(Data supplied begins)
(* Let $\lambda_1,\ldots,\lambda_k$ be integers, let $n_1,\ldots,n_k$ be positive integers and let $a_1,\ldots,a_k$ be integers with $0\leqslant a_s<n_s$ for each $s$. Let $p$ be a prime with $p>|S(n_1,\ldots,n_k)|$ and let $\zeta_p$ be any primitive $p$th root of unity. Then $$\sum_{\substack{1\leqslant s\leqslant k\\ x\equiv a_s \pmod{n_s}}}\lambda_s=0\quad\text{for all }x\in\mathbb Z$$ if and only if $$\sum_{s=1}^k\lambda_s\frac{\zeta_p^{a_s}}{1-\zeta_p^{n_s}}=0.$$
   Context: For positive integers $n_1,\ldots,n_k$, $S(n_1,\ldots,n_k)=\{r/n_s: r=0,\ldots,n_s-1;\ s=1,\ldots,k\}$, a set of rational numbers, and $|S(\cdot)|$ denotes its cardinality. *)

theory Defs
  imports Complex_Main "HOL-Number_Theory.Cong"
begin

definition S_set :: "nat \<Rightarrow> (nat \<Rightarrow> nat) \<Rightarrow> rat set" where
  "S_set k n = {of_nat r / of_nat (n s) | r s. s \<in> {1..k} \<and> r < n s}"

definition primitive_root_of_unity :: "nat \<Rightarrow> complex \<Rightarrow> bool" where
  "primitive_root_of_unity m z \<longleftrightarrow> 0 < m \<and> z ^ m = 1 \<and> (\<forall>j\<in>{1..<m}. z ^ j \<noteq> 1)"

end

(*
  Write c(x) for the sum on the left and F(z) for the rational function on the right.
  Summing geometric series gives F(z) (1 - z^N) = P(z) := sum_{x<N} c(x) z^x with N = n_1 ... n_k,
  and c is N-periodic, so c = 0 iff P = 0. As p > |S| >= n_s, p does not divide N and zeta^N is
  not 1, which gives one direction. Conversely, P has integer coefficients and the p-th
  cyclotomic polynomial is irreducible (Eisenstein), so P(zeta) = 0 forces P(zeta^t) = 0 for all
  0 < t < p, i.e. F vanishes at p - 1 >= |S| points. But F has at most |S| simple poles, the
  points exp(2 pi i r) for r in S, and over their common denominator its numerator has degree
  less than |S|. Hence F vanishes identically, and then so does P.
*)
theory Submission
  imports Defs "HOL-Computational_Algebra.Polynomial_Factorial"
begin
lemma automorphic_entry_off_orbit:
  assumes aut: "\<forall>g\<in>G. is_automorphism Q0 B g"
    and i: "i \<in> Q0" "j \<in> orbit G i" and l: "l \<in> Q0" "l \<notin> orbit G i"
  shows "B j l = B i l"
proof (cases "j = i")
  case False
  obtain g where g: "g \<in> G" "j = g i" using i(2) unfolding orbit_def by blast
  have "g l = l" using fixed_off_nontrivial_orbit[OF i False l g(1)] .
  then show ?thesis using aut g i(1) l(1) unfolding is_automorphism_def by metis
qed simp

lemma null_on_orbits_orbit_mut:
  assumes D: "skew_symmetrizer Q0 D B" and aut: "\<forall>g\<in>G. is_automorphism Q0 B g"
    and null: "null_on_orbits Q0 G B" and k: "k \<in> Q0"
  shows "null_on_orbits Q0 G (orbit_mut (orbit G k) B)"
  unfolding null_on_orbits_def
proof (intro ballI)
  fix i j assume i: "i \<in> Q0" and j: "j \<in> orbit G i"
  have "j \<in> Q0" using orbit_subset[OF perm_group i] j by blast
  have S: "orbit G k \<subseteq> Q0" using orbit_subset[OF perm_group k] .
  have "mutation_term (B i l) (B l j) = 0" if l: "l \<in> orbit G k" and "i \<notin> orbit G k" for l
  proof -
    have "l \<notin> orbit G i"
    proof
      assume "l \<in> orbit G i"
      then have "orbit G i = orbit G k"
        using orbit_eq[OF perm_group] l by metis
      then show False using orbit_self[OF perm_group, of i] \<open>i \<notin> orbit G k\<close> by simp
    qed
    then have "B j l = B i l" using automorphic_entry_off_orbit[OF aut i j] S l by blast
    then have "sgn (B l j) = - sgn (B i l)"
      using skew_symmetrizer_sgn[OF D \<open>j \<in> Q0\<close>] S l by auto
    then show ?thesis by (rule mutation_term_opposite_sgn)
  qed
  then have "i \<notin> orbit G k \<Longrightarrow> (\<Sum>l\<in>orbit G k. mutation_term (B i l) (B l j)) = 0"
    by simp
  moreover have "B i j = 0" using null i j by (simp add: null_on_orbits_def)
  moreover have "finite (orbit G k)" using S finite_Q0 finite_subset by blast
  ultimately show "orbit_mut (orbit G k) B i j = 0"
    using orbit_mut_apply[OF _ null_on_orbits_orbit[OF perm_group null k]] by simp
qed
(Data supplied ends)
What this task involves ::
All lines of the records containing "thesis" should be shown.

Reply ::
  then show ?thesis using aut g i(1) l(1) unfolding is_automorphism_def by metis
    then show ?thesis by (rule mutation_term_opposite_sgn)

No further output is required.